[Saved data entries]
text \<open>Writing \<open>\<sigma>\<^sub>z\<close> for the conjugation \<open>\<zeta> \<mapsto> z\<close>: if \<open>\<sigma>\<^sub>z\<close> fixes \<open>f(\<zeta>)\<close> and \<open>\<sigma>\<^sub>w\<close> maps
  \<open>f(\<zeta>)\<close> to \<open>h(\<zeta>)\<close>, then \<open>\<sigma>\<^sub>z\<close> fixes \<open>h(\<zeta>)\<close>, because the conjugations
  \<open>\<zeta> \<mapsto> \<zeta>\<^sup>k\<close> commute.\<close>
lemma conjugation_fixes_image:
  assumes z: "poly (of_rat_poly m) z = 0" and w: "poly (of_rat_poly m) w = 0"
    and fz: "poly (of_rat_poly f) z = poly (of_rat_poly f) \<zeta>"
    and fw: "poly (of_rat_poly f) w = poly (of_rat_poly h) \<zeta>"
  shows "poly (of_rat_poly h) z = poly (of_rat_poly h) \<zeta>"
proof -
  obtain k where k: "z = \<zeta> ^ k" using conjugate_power[OF z] by blast
  obtain j where j: "w = \<zeta> ^ j" using conjugate_power[OF w] by blast
  have "poly (of_rat_poly (pcompose f (monom 1 k))) \<zeta> = poly (of_rat_poly f) \<zeta>"
    using fz k by (simp add: poly_pcompose poly_monom)
  hence "poly (of_rat_poly (pcompose f (monom 1 k))) w = poly (of_rat_poly f) w"
    by (rule poly_eq_at_conjugate[OF m_irreducible m_root w])
  hence "poly (of_rat_poly f) (w ^ k) = poly (of_rat_poly h) \<zeta>"
    using fw by (simp add: poly_pcompose poly_monom)
  moreover have "poly (of_rat_poly (pcompose f (monom 1 j))) \<zeta> = poly (of_rat_poly h) \<zeta>"
    using fw j by (simp add: poly_pcompose poly_monom)
  hence "poly (of_rat_poly (pcompose f (monom 1 j))) z = poly (of_rat_poly h) z"
    by (rule poly_eq_at_conjugate[OF m_irreducible m_root z])
  hence "poly (of_rat_poly f) (z ^ j) = poly (of_rat_poly h) z"
    by (simp add: poly_pcompose poly_monom)
  moreover have "w ^ k = z ^ j" using j k by (simp add: power_mult[symmetric] mult.commute)
  ultimately show ?thesis by simp
qed

end

locale cubic_power_conjugates = rat_cubic + power_conjugates
begin

lemma conjugation_moves_root:
  assumes "poly (of_rat_poly p) (poly (of_rat_poly f) \<zeta>) = 0"
  obtains w
  where "poly (of_rat_poly m) w = 0" "poly (of_rat_poly f) w \<noteq> poly (of_rat_poly f) \<zeta>"
  using rational_if_constant_on_conjugates[OF m_irreducible, of f] root_not_rational[OF assms]
  by blast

◆ TASK:
Copy out the lines starting at the one containing "using rational_if_constant_on_conjugates[OF m_irreducible, of" and ending with the last line of the entries. Include nothing else.

◆ ANSWER SECTION:
  using rational_if_constant_on_conjugates[OF m_irreducible, of f] root_not_rational[OF assms]
  by blast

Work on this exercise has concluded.